Asynchronous programming allows for concurrent execution of tasks, making applications more responsive and efficient. Async iterators are a powerful tool within this paradigm, enabling you to process sequences of data asynchronously. This challenge will guide you through understanding and implementing your own async iterators.

Problem Description

Your task is to create a custom asynchronous iterator in Python that simulates fetching data in chunks. This iterator should yield chunks of data one by one, allowing the consumer to process them asynchronously without blocking the entire application. You will need to define an asynchronous generator function or a class that implements the __aiter__ and __anext__ methods.

Key Requirements:

  1. Asynchronous Iteration: The core of the problem is to implement an object that can be iterated over using async for.
  2. Simulated Asynchronous Fetching: Each "fetch" operation should simulate a delay, representing I/O operations like network requests or file reads.
  3. Chunking: The iterator should yield data in predefined chunks.
  4. Completion Signal: The iterator must properly signal when there is no more data to yield (by raising StopAsyncIteration).

Expected Behavior:

When consumed by an async for loop, the iterator should:

  • Yield chunks of data sequentially.
  • Pause execution between yielding chunks to simulate asynchronous work.
  • Terminate gracefully when all data has been yielded.

Edge Cases to Consider:

  • What happens if the total number of items is less than a chunk size?
  • What if no data is available to be fetched?

Examples

Example 1: Basic Usage

import asyncio

async def async_data_fetcher(total_items: int, chunk_size: int):
    """Simulates an asynchronous data source yielding items in chunks."""
    data_source = list(range(total_items))
    index = 0
    while index < total_items:
        await asyncio.sleep(0.1) # Simulate network latency
        chunk_end = min(index + chunk_size, total_items)
        yield data_source[index:chunk_end]
        index = chunk_end

async def main():
    print("Starting async iteration...")
    async for chunk in async_data_fetcher(10, 3):
        print(f"Received chunk: {chunk}")
    print("Async iteration finished.")

# To run this example (outside the challenge context):
# asyncio.run(main())

Expected Output for Example 1:

Starting async iteration...
Received chunk: [0, 1, 2]
Received chunk: [3, 4, 5]
Received chunk: [6, 7, 8]
Received chunk: [9]
Async iteration finished.

Explanation: The async_data_fetcher yields chunks of size 3 until all 10 items are processed. Each yield is preceded by a small delay.

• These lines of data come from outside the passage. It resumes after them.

lemma edge_cutset_level: "edge_cutset a 0 (level a m)"
proof -
  have "(m, k) \<notin> edges a - level a m" for k
    by (auto simp: level_def edges_def)
  then have "comp_minus_E a (level a m) 0 \<subseteq> {..m}"
    by (auto simp: comp_minus_E_def intro: rtrancl_adj_of_le)
  then show ?thesis
    by (auto simp: edge_cutset_def level_subset_edges intro: finite_subset)
qed

lemma vertex_cutset_singleton: "vertex_cutset a 0 {m}"
proof -
  have "comp_minus_V a {m} 0 \<subseteq> {..m}"
    by (auto simp: comp_minus_V_def endpoints_def intro: rtrancl_adj_of_le)
  then show ?thesis
    by (auto simp: vertex_cutset_def intro: finite_subset)
qed

lemma vertex_cutset_nonempty:
  assumes "\<And>n. 0 < a n" "vertex_cutset a 0 S"
  shows "S \<noteq> {}"
proof
  assume "S = {}"
  have "(n, Suc n) \<in> adj_of (edges a)" for n
    using assms(1)[of n] by (auto simp: mem_adj_of_iff edges_def)
  then have "(0, n) \<in> (adj_of (edges a))\<^sup>*" for n
    by (induction n) (auto intro: rtrancl_into_rtrancl)
  then have "comp_minus_V a S 0 = UNIV"
    using \<open>S = {}\<close> by (auto simp: comp_minus_V_def)
  with assms(2) show False by (simp add: vertex_cutset_def)
qed

lemma ecard_mono: "A \<subseteq> B \<Longrightarrow> ecard A \<le> ecard B"
  by (auto simp: ecard_def card_mono dest: finite_subset)

definition reach_prob :: "(nat \<Rightarrow> nat) \<Rightarrow> real \<Rightarrow> nat \<Rightarrow> real" where
  "reach_prob a q n = (\<Prod>i<n. 1 - q ^ a i)"

lemma reach_prob_Suc: "reach_prob a q (Suc n) = reach_prob a q n * (1 - q ^ a n)"
  by (simp add: reach_prob_def)

lemma reach_prob_split:
  "m \<le> n \<Longrightarrow> reach_prob a q n = reach_prob a q m * (\<Prod>i\<in>{m..<n}. 1 - q ^ a i)"
  by (simp add: reach_prob_def lessThan_atLeast0 prod.atLeastLessThan_concat)

lemma reach_prob_nonneg: "0 \<le> q \<Longrightarrow> q \<le> 1 \<Longrightarrow> 0 \<le> reach_prob a q n"
  unfolding reach_prob_def by (intro prod_nonneg) (auto intro: power_le_one)

lemma reach_prob_pos: "(\<And>n. 0 < a n) \<Longrightarrow> 0 \<le> q \<Longrightarrow> q < 1 \<Longrightarrow> 0 < reach_prob a q n"
  unfolding reach_prob_def by (intro prod_pos) (auto simp: power_less_one_iff)

lemma reach_prob_antimono:
  "0 \<le> q \<Longrightarrow> q \<le> q' \<Longrightarrow> q' \<le> 1 \<Longrightarrow> reach_prob a q' n \<le> reach_prob a q n"
  unfolding reach_prob_def by (intro prod_mono) (auto intro: power_le_one power_mono)

lemma reach_prob_decreasing:
  assumes "0 \<le> q" "q \<le> 1" "m \<le> n"
  shows "reach_prob a q n \<le> reach_prob a q m"
proof -
  have "(\<Prod>i\<in>{m..<n}. 1 - q ^ a i) \<le> 1"
    using assms by (intro prod_le_1) (auto intro: power_le_one)
  then show ?thesis
    using reach_prob_split[OF assms(3)] reach_prob_nonneg[OF assms(1,2)]
    by (simp add: mult_left_le)
qed

lemma reach_prob_ge_one_minus_sum:
  assumes "0 \<le> q" "q \<le> 1" "m \<le> n"
  shows "reach_prob a q m * (1 - (\<Sum>i\<in>{m..<n}. q ^ a i)) \<le> reach_prob a q n"
  using assms Weierstrass_prod_ineq[of "{m..<n}" "\<lambda>i. q ^ a i"]
  by (simp add: reach_prob_split power_le_one mult_left_mono reach_prob_nonneg)

lemma reach_prob_telescope:
  "m \<le> n \<Longrightarrow> (\<Sum>i\<in>{m..<n}. q ^ a i * reach_prob a q i) = reach_prob a q m - reach_prob a q n"
  using sum_Suc_diff'[of m n "reach_prob a q"]
  by (simp add: reach_prob_Suc algebra_simps sum_subtractf sum_negf)

lemma real_mult_power_le:
  fixes \<rho> :: real
  assumes "0 \<le> \<rho>" "\<rho> < 1"
  shows "real n * \<rho> ^ n \<le> 1 / (1 - \<rho>)"
proof -
  have "real n * \<rho> ^ n = (\<Sum>j<n. \<rho> ^ n)" by simp
  also have "\<dots> \<le> (\<Sum>j<n. \<rho> ^ j)"
    using assms by (intro sum_mono power_decreasing) auto
  also have "\<dots> = (1 - \<rho> ^ n) / (1 - \<rho>)"
    using assms by (simp add: sum_gp_strict)
  also have "\<dots> \<le> 1 / (1 - \<rho>)"
    using assms by (intro divide_right_mono) auto
  finally show ?thesis .
qed

lemma reach_prob_ge_half:
  assumes "0 \<le> q" "q \<le> 1" and "\<And>n. M \<le> n \<Longrightarrow> (\<Sum>i\<in>{M..<n}. q ^ a i) \<le> 1 / 2"
  shows "reach_prob a q M / 2 \<le> reach_prob a q n"
proof (cases "M \<le> n")
  case True
  have "reach_prob a q M / 2 = reach_prob a q M * (1 / 2)"
    by simp
  also have "\<dots> \<le> reach_prob a q M * (1 - (\<Sum>i\<in>{M..<n}. q ^ a i))"
    using assms(1,2) assms(3)[OF True] reach_prob_nonneg[of q a M] by (intro mult_left_mono) auto
  also have "\<dots> \<le> reach_prob a q n"
    using assms(1,2) True by (rule reach_prob_ge_one_minus_sum)
  finally show ?thesis .
next
  case False
  then have "reach_prob a q M \<le> reach_prob a q n"
    using assms(1,2) by (intro reach_prob_decreasing) auto
  then show ?thesis
    using reach_prob_nonneg[OF assms(1,2), of a M] by simp
qed

lemma power_le_weighted_reach_prob:
  assumes "0 \<le> q" "q < q'" "q' \<le> 1" and "c \<le> real (a i) * reach_prob a q' i"
  shows "c * q ^ a i \<le> q' ^ a i * reach_prob a q' i / (1 - q / q')"
proof -
  define \<rho> where "\<rho> = q / q'"
  have "0 < q'" "0 \<le> \<rho>" "\<rho> < 1"
    using assms by (auto simp: \<rho>_def)
  have "0 \<le> reach_prob a q' i"
    using assms by (intro reach_prob_nonneg) auto
  have "c * q ^ a i \<le> (real (a i) * reach_prob a q' i) * q ^ a i"
    using assms by (intro mult_right_mono) auto
  also have "\<dots> = (real (a i) * \<rho> ^ a i) * (q' ^ a i * reach_prob a q' i)"
    using \<open>0 < q'\<close> by (simp add: \<rho>_def power_divide)
  also have "\<dots> \<le> 1 / (1 - \<rho>) * (q' ^ a i * reach_prob a q' i)"
    using \<open>0 \<le> \<rho>\<close> \<open>\<rho> < 1\<close> \<open>0 < q'\<close> \<open>0 \<le> reach_prob a q' i\<close>
    by (intro mult_right_mono real_mult_power_le) auto
  finally show ?thesis
    by (simp add: \<rho>_def)
qed
lemma FG_field_subset_K_field: "FG_field \<subseteq> K_field"
proof (rule gen_subfield_mono)
  have "b1^2 / c1 = b1^3 / (b1 * c1)" "c1^2 / b1 = (b1 * c1)^3 / (b1^3 * (b1 * c1))"
    using b1_c1_nonzero by (simp_all add: field_simps power2_eq_square power3_eq_cube)
  then have "b1^2 / c1 \<in> K_field" "c1^2 / b1 \<in> K_field"
    by (simp_all add: K_field_generators gen_divide gen_mult gen_power)
  then show "{F1 X1 Y1 Z1, F2 X1 Y1 Z1, F3 X1 Y1 Z1, F1 X2 Y2 Z2,
      G1 X1 Y1 Z1 X2 Y2 Z2, G2 X1 Y1 Z1 X2 Y2 Z2} \<subseteq> K_field"
    by (simp add: F_G_in_terms_of_b_c K_field_generators gen_add gen_diff gen_divide gen_mult
        gen_uminus gen_numeral gen_const)
qed

lemma K_field_subset_FG_field: "K_field \<subseteq> FG_field"
proof (rule gen_subfield_mono)
  have "b1^2 / c1 = (F2 X1 Y1 Z1 + \<iota> * F3 X1 Y1 Z1) / 2"
    "c1^2 / b1 = (F2 X1 Y1 Z1 - \<iota> * F3 X1 Y1 Z1) / 2"
    "b1 * c2 = G1 X1 Y1 Z1 X2 Y2 Z2 + \<iota> * G2 X1 Y1 Z1 X2 Y2 Z2"
    "c1 * b2 = G1 X1 Y1 Z1 X2 Y2 Z2 - \<iota> * G2 X1 Y1 Z1 X2 Y2 Z2"
    by (simp_all add: F_G_in_terms_of_b_c field_simps numeral_L6_nonzero)
      (use iota_square in algebra)+
  then have P: "b1^2 / c1 \<in> FG_field" and Q: "c1^2 / b1 \<in> FG_field"
    and "b1 * c2 \<in> FG_field" "c1 * b2 \<in> FG_field"
    by (simp_all only:)
      (simp_all add: FG_field_generators gen_add gen_diff gen_divide gen_mult gen_numeral gen_const)
  moreover have "b1 * c1 = (b1^2 / c1) * (c1^2 / b1)" "b1^3 = (b1^2 / c1) * (b1^2 / c1) * (c1^2 / b1)"
    using b1_c1_nonzero by (simp_all add: field_simps power2_eq_square power3_eq_cube)
  then have "b1 * c1 \<in> FG_field" "b1^3 \<in> FG_field"
    using gen_mult[OF P Q] gen_mult[OF gen_mult[OF P P] Q] by (simp_all only:)
  moreover have "a1 \<in> FG_field" "a2 \<in> FG_field"
    using FG_field_generators(1,4) by (simp_all only: F_G_in_terms_of_b_c(1,2))
  ultimately show "{a1, a2, b1^3, b1 * c1, b1 * c2, c1 * b2} \<subseteq> FG_field"
    by simp
qed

Example 2: Empty Data Source

import asyncio

async def async_data_fetcher_empty():
    """Simulates an asynchronous data source that yields no data."""
    await asyncio.sleep(0.05) # Simulate a quick check
    if False: # This condition is never met
        yield []
    # No more yields, will implicitly raise StopAsyncIteration

async def main():
    print("Starting async iteration with empty source...")
    count = 0
    async for chunk in async_data_fetcher_empty():
        print(f"Received chunk: {chunk}") # This line should not be reached
        count += 1
    print(f"Async iteration finished. Processed {count} chunks.")

# To run this example (outside the challenge context):
# asyncio.run(main())

Expected Output for Example 2:

Starting async iteration with empty source...
Async iteration finished. Processed 0 chunks.

Explanation: The async generator immediately finishes without yielding anything, so the async for loop completes without executing its body.

Constraints

  • The simulated delay for each chunk fetch should be between 0.05 and 0.5 seconds.
  • The total number of items to be fetched can range from 0 to 1000.
  • The chunk size can range from 1 to 20.
  • Your solution must be implemented using Python's async/await syntax.

Notes

  • You can choose to implement your async iterator either as an asynchronous generator function (using async def and yield) or as a class implementing __aiter__ and __anext__.
  • Remember that __anext__ must be an async method, and it should await any asynchronous operations and raise StopAsyncIteration when done.
  • The asyncio.sleep() function is your friend for simulating asynchronous delays.
  • Consider how you would handle a scenario where an error might occur during data fetching (though for this challenge, focusing on the successful path is sufficient).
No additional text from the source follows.